#### WORK TO COMPLETE
From the entries below, reproduce exactly the line containing "e = 1 \<and>", the line containing "(simp add: linear_subspace_image)", and every line in between, with nothing added.

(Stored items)
text \<open>Split off a real linear or quadratic factor \<open>g\<close> of \<open>f = g q\<close>: either \<open>q(T) u = 0\<close> and we
  recurse, or \<open>y = q(T) u \<noteq> 0\<close> is killed by \<open>g(T)\<close>, where a linear \<open>g\<close> would make \<open>y\<close> an eigenvector.\<close>
lemma invariant_plane_of_annihilator:
  fixes T :: "'a::euclidean_space \<Rightarrow> 'a"
  assumes T: "linear T" and W: "subspace W" and inv: "\<And>x. x \<in> W \<Longrightarrow> T x \<in> W"
    and no_eigen: "\<And>v c. v \<in> W \<Longrightarrow> T v = c *\<^sub>R v \<Longrightarrow> v = 0"
    and "f \<noteq> 0" and "u \<in> W" and "u \<noteq> 0" and "poly_op T f u = 0"
  shows "\<exists>x\<in>W. x \<noteq> 0 \<and> (\<exists>p q. T (T x) = p *\<^sub>R T x + q *\<^sub>R x)"
  using assms(5-8)
proof (induction "degree f" arbitrary: f u rule: less_induct)
  case less
  show ?case
  proof (cases "degree f = 0")
    case True
    then obtain c where "f = [:c:]" by (metis degree_eq_zeroE)
    then show ?thesis using less.prems T by (simp add: poly_op_pCons linear_0)
  next
    case False
    then obtain g q where gq: "f = g * q"
      and g: "(\<exists>c. g = [:c, 1:]) \<or> (\<exists>b c. g = [:c, b, 1:])"
      using real_poly_linear_or_quadratic_factor[of f] by blast
    have "q \<noteq> 0" using gq less.prems by auto
    moreover have "g \<noteq> 0" "degree g \<ge> 1" using g by auto
    then have "degree q < degree f"
      using gq \<open>q \<noteq> 0\<close> degree_mult_eq[of g q] by simp
    define y where "y = poly_op T q u"
    show ?thesis
    proof (cases "y = 0")
      case True
      then show ?thesis
        using less.hyps[OF \<open>degree q < degree f\<close> \<open>q \<noteq> 0\<close> less.prems(2,3)] by (simp add: y_def)
    next
      case False
      have yW: "y \<in> W" unfolding y_def by (rule poly_op_in_subspace[OF T W inv less.prems(2)])
      have gy: "poly_op T g y = 0" using less.prems(4) gq T by (simp add: poly_op_mult y_def)
      from g show ?thesis
      proof
        assume "\<exists>c. g = [:c, 1:]"
        then obtain c where "g = [:c, 1:]" by blast
        then have "T y = (- c) *\<^sub>R y" using gy T by (simp add: poly_op_linear_factor eq_neg_iff_add_eq_0)
        then show ?thesis using no_eigen yW False by blast
      next
        assume "\<exists>b c. g = [:c, b, 1:]"
        then obtain b c where "g = [:c, b, 1:]" by blast
        then have "T (T y) + (b *\<^sub>R T y + c *\<^sub>R y) = 0"
          using gy T by (simp add: poly_op_quadratic_factor add.assoc)
        then have "T (T y) = (- b) *\<^sub>R T y + (- c) *\<^sub>R y"
          by (metis eq_neg_iff_add_eq_0 minus_add_distrib scaleR_minus_left)
        then show ?thesis using yW False by blast
      qed
    qed
  qed
qed

lemma exists_invariant_plane:
  fixes T :: "'a::euclidean_space \<Rightarrow> 'a"
  assumes T: "linear T" and W: "subspace W" and inv: "\<And>x. x \<in> W \<Longrightarrow> T x \<in> W"
    and no_eigen: "\<And>v c. v \<in> W \<Longrightarrow> T v = c *\<^sub>R v \<Longrightarrow> v = 0"
    and "W \<noteq> {0}"
  shows "\<exists>x\<in>W. x \<noteq> 0 \<and> (\<exists>p q. T (T x) = p *\<^sub>R T x + q *\<^sub>R x)"
proof -
  obtain v where v: "v \<in> W" "v \<noteq> 0" using \<open>W \<noteq> {0}\<close> subspace_0[OF W] by auto
  obtain f where f: "f \<noteq> 0" "poly_op T f v = 0"
    using poly_op_annihilator_exists[OF T inv v(1)] by blast
  show ?thesis
    by (rule invariant_plane_of_annihilator[of T W f v]) (use T W inv no_eigen f v in auto)
qed

section \<open>Regular pencils of alternating forms\<close>

lemma nondegenerate_on_dual_vector:
  fixes B :: "'a::euclidean_space \<Rightarrow> 'a \<Rightarrow> real"
  assumes B: "bilinear B" and nd: "nondegenerate_on B W" and W: "subspace W"
    and xy: "x \<in> W" "y \<in> W" and indep: "\<And>g d. g *\<^sub>R x + d *\<^sub>R y = 0 \<Longrightarrow> g = 0 \<and> d = 0"
  shows "\<exists>e\<in>W. B x e = 1 \<and> B y e = 0"
proof -
  define h where "h w = (B x w, B y w)" for w
  have lh: "linear h" unfolding h_def using B
    by (intro linearI) (simp_all add: bilinear_radd bilinear_rmul)
  have "h ` W = UNIV"
  proof (rule ccontr)
    assume "h ` W \<noteq> UNIV"
    moreover have "span (h ` W) = h ` W" using W lh by (simp add: linear_subspace_image)
    ultimately have "dim (h ` W) < DIM(real \<times> real)"
      using dim_subset_UNIV[of "h ` W"] dim_eq_full[of "h ` W"] by (metis order_less_le)
    then obtain z where z: "z \<noteq> 0" "\<And>v. v \<in> span (h ` W) \<Longrightarrow> orthogonal z v"
      using orthogonal_to_subspace_exists by blast
    obtain g d where gd: "z = (g, d)" by (cases z)
    have "B (g *\<^sub>R x + d *\<^sub>R y) u = 0" if "u \<in> W" for u
      using z(2)[OF span_base[OF imageI[OF that]]] gd B
      by (simp add: h_def orthogonal_def bilinear_ladd bilinear_lmul)
    then have "g *\<^sub>R x + d *\<^sub>R y = 0"
      using nd W xy unfolding nondegenerate_on_def by (meson subspace_add subspace_scale)
    then show False using indep z(1) gd by (simp add: zero_prod_def)
  qed
  then obtain e where "e \<in> W" "h e = (1, 0)" by (metis UNIV_I imageE)
  then show ?thesis by (auto simp: h_def)
qed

#### WRITTEN RESPONSE
  shows "\<exists>e\<in>W. B x e = 1 \<and> B y e = 0"
proof -
  define h where "h w = (B x w, B y w)" for w
  have lh: "linear h" unfolding h_def using B
    by (intro linearI) (simp_all add: bilinear_radd bilinear_rmul)
  have "h ` W = UNIV"
  proof (rule ccontr)
    assume "h ` W \<noteq> UNIV"
    moreover have "span (h ` W) = h ` W" using W lh by (simp add: linear_subspace_image)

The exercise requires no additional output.